What is needed –
Below are lines of data; restate word for word those running from the line containing "k))) \<le> W 0" to the line containing "using cfl \<open>0", inclusive, and no others.

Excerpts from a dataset
***

lemma mono_on_lipschitz_diff_le:
  fixes f :: "real \<Rightarrow> real"
  assumes mono: "mono_on S f" and lip: "L-lipschitz_on S f"
    and "s \<in> S" "t \<in> S" "s - t \<le> \<delta>" "0 \<le> \<delta>"
  shows "f s - f t \<le> L * \<delta>"
proof (cases "t \<le> s")
  case True
  then have "f s - f t \<le> L * (s - t)"
    using lipschitz_onD[OF lip \<open>s \<in> S\<close> \<open>t \<in> S\<close>] by (simp add: dist_real_def)
  also have "\<dots> \<le> L * \<delta>"
    using assms lipschitz_on_nonneg[OF lip] by (intro mult_left_mono)
  finally show ?thesis .
next
  case False
  then have "f s \<le> f t" using mono assms(3,4) by (simp add: mono_onD)
  moreover have "0 \<le> L * \<delta>" using lipschitz_on_nonneg[OF lip] \<open>0 \<le> \<delta>\<close> by simp
  ultimately show ?thesis by linarith
qed

lemma antimono_on_lipschitz_diff_le:
  fixes f :: "real \<Rightarrow> real"
  assumes "antimono_on S f" "L-lipschitz_on S f"
    and "s \<in> S" "t \<in> S" "t - s \<le> \<delta>" "0 \<le> \<delta>"
  shows "f s - f t \<le> L * \<delta>"
  using mono_on_lipschitz_diff_le[of S "\<lambda>x. - f x" L t s \<delta>] assms
  by (simp add: monotone_on_def)

lemma sum_nonincreasing_weights_forward_diff_le:
  fixes W \<rho> :: "nat \<Rightarrow> real"
  assumes "0 < n"
    and "\<And>k. k < n \<Longrightarrow> 0 \<le> W k" and "\<And>k. Suc k < n \<Longrightarrow> W (Suc k) \<le> W k"
    and "\<And>k. k \<le> n \<Longrightarrow> \<rho> k \<le> M"
  shows "(\<Sum>k<n. W k * (\<rho> (Suc k) - \<rho> k)) \<le> W 0 * (M - \<rho> 0)"
  using assms
proof (induction n arbitrary: W \<rho>)
  case 0
  then show ?case by simp
next
  case (Suc n)
  show ?case
  proof (cases "n = 0")
    case True
    then show ?thesis using Suc.prems(2)[of 0] Suc.prems(4)[of 1] by (simp add: mult_left_mono)
  next
    case False
    have shift: "(\<Sum>k<Suc n. W k * (\<rho> (Suc k) - \<rho> k))
        = W 0 * (\<rho> 1 - \<rho> 0) + (\<Sum>k<n. W (Suc k) * (\<rho> (Suc (Suc k)) - \<rho> (Suc k)))"
      by (subst sum.lessThan_Suc_shift) simp
    have "(\<Sum>k<n. W (Suc k) * (\<rho> (Suc (Suc k)) - \<rho> (Suc k))) \<le> W 1 * (M - \<rho> 1)"
      using Suc.IH[of "\<lambda>k. W (Suc k)" "\<lambda>k. \<rho> (Suc k)"] Suc.prems False by auto
    also have "\<dots> \<le> W 0 * (M - \<rho> 1)"
      using Suc.prems(3)[of 0] Suc.prems(4)[of 1] False by (intro mult_right_mono) auto
    finally have "(\<Sum>k<n. W (Suc k) * (\<rho> (Suc (Suc k)) - \<rho> (Suc k))) \<le> W 0 * (M - \<rho> 1)" .
    moreover have "W 0 * (\<rho> 1 - \<rho> 0) + W 0 * (M - \<rho> 1) = W 0 * (M - \<rho> 0)"
      by (simp add: algebra_simps)
    ultimately show ?thesis unfolding shift by linarith
  qed
qed

lemma product_difference_le:
  fixes x y u z X Z a b :: real
  assumes "0 \<le> x" "x \<le> X" "0 \<le> z" "z \<le> Z" "u - z \<le> a" "x - y \<le> b" "0 \<le> a" "0 \<le> b"
  shows "x * u - y * z \<le> X * a + Z * b"
proof -
  have "x * (u - z) \<le> x * a" using assms by (intro mult_left_mono)
  also have "\<dots> \<le> X * a" using assms by (intro mult_right_mono)
  finally have "x * (u - z) \<le> X * a" .
  moreover have "z * (x - y) \<le> z * b" using assms by (intro mult_left_mono)
  moreover have "\<dots> \<le> Z * b" using assms by (intro mult_right_mono)
  ultimately show ?thesis by (simp add: algebra_simps)
qed

lemma cfl_increment_le:
  fixes \<gamma> h \<tau> L c d D F :: real
  assumes "0 < \<gamma>" "0 < h" "0 \<le> \<tau>" "0 \<le> L" "0 \<le> d" "\<gamma> * d \<le> D"
    and cfl: "\<tau> * (\<gamma> * h * c + L) \<le> \<gamma> * h"
    and flux: "F \<le> L * d + h * c * D"
  shows "\<tau> / h * F \<le> D"
proof -
  define c\<^sub>1 c\<^sub>2 where "c\<^sub>1 = \<tau> * L / h" and "c\<^sub>2 = \<tau> * c"
  have "(c\<^sub>2 * \<gamma> + c\<^sub>1) * h \<le> \<gamma> * h"
    using cfl \<open>0 < h\<close> by (simp add: c\<^sub>1_def c\<^sub>2_def algebra_simps)
  then have cfl': "c\<^sub>2 * \<gamma> + c\<^sub>1 \<le> \<gamma>" using \<open>0 < h\<close> by simp
  have "0 \<le> c\<^sub>1" using assms by (simp add: c\<^sub>1_def)
  with cfl' have "c\<^sub>2 * \<gamma> \<le> 1 * \<gamma>" by simp
  then have "c\<^sub>2 \<le> 1" using \<open>0 < \<gamma>\<close> by (rule mult_right_le_imp_le)
  have "\<tau> / h * F \<le> \<tau> / h * (L * d + h * c * D)"
    using flux assms by (intro mult_left_mono) auto
  also have "\<dots> = c\<^sub>1 * d + c\<^sub>2 * D"
    using \<open>0 < h\<close> by (simp add: c\<^sub>1_def c\<^sub>2_def field_simps)
  also have "c\<^sub>1 * d \<le> (1 - c\<^sub>2) * (\<gamma> * d)"
    using mult_right_mono[OF cfl' \<open>0 \<le> d\<close>] by (simp add: algebra_simps)
  also have "(1 - c\<^sub>2) * (\<gamma> * d) \<le> (1 - c\<^sub>2) * D"
    using \<open>c\<^sub>2 \<le> 1\<close> \<open>\<gamma> * d \<le> D\<close> by (intro mult_left_mono) auto
  finally show ?thesis by (simp add: algebra_simps)
qed

locale nonlocal_quadrature =
  fixes w :: "real \<Rightarrow> real" and h :: real and N R :: nat and \<gamma> y :: "nat \<Rightarrow> real"
  assumes h_pos: "0 < h"
    and w_nonneg: "\<And>x. x \<in> {0..real N * h} \<Longrightarrow> 0 \<le> w x"
    and w_antimono: "antimono_on {0..real N * h} w"
    and \<gamma>_pos: "\<And>\<nu>. \<nu> \<in> {1..R} \<Longrightarrow> 0 < \<gamma> \<nu>"
    and y_range: "\<And>\<nu>. \<nu> \<in> {1..R} \<Longrightarrow> y \<nu> \<in> {0..1}"
    and weights_sum: "h * (\<Sum>k<N. \<Sum>\<nu>=1..R. \<gamma> \<nu> * w ((real k + y \<nu>) * h)) = 1"
begin

definition conv_quadrature :: "(int \<Rightarrow> nat \<Rightarrow> real) \<Rightarrow> int \<Rightarrow> real" where
  "conv_quadrature r j = h * (\<Sum>k<N. \<Sum>\<nu>=1..R. \<gamma> \<nu> * w ((real k + y \<nu>) * h) * r (j + int k + 1) \<nu>)"

lemma Vface_eq_conv_quadrature:
  "Vface v w P x0 h N R \<gamma> y j = v (conv_quadrature (recon P x0 h y) j)"
  by (simp add: Vface_def conv_quadrature_def)

lemma N_pos: "0 < N"
  using weights_sum by (cases N) auto

lemma R_pos: "0 < R"
  using weights_sum by (cases R) auto

lemma node_in_support: "k < N \<Longrightarrow> \<nu> \<in> {1..R} \<Longrightarrow> (real k + y \<nu>) * h \<in> {0..real N * h}"
proof -
  assume "k < N" "\<nu> \<in> {1..R}"
  then have "0 \<le> real k + y \<nu>" "real k + y \<nu> \<le> real N"
    using y_range[of \<nu>] by auto
  then show ?thesis using h_pos by (auto intro: mult_right_mono)
qed

lemma w_le_w0:
  assumes "\<nu> \<in> {1..R}"
  shows "w (y \<nu> * h) \<le> w 0"
proof -
  have "y \<nu> * h \<in> {0..real N * h}" using node_in_support[OF N_pos assms] by simp
  then show ?thesis using monotone_onD[OF w_antimono, of 0 "y \<nu> * h"] by auto
qed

***

Exercise output –
    finally have "(\<Sum>k<n. W (Suc k) * (\<rho> (Suc (Suc k)) - \<rho> (Suc k))) \<le> W 0 * (M - \<rho> 1)" .
    moreover have "W 0 * (\<rho> 1 - \<rho> 0) + W 0 * (M - \<rho> 1) = W 0 * (M - \<rho> 0)"
      by (simp add: algebra_simps)
    ultimately show ?thesis unfolding shift by linarith
  qed
qed

lemma product_difference_le:
  fixes x y u z X Z a b :: real
  assumes "0 \<le> x" "x \<le> X" "0 \<le> z" "z \<le> Z" "u - z \<le> a" "x - y \<le> b" "0 \<le> a" "0 \<le> b"
  shows "x * u - y * z \<le> X * a + Z * b"
proof -
  have "x * (u - z) \<le> x * a" using assms by (intro mult_left_mono)
  also have "\<dots> \<le> X * a" using assms by (intro mult_right_mono)
  finally have "x * (u - z) \<le> X * a" .
  moreover have "z * (x - y) \<le> z * b" using assms by (intro mult_left_mono)
  moreover have "\<dots> \<le> Z * b" using assms by (intro mult_right_mono)
  ultimately show ?thesis by (simp add: algebra_simps)
qed

lemma cfl_increment_le:
  fixes \<gamma> h \<tau> L c d D F :: real
  assumes "0 < \<gamma>" "0 < h" "0 \<le> \<tau>" "0 \<le> L" "0 \<le> d" "\<gamma> * d \<le> D"
    and cfl: "\<tau> * (\<gamma> * h * c + L) \<le> \<gamma> * h"
    and flux: "F \<le> L * d + h * c * D"
  shows "\<tau> / h * F \<le> D"
proof -
  define c\<^sub>1 c\<^sub>2 where "c\<^sub>1 = \<tau> * L / h" and "c\<^sub>2 = \<tau> * c"
  have "(c\<^sub>2 * \<gamma> + c\<^sub>1) * h \<le> \<gamma> * h"
    using cfl \<open>0 < h\<close> by (simp add: c\<^sub>1_def c\<^sub>2_def algebra_simps)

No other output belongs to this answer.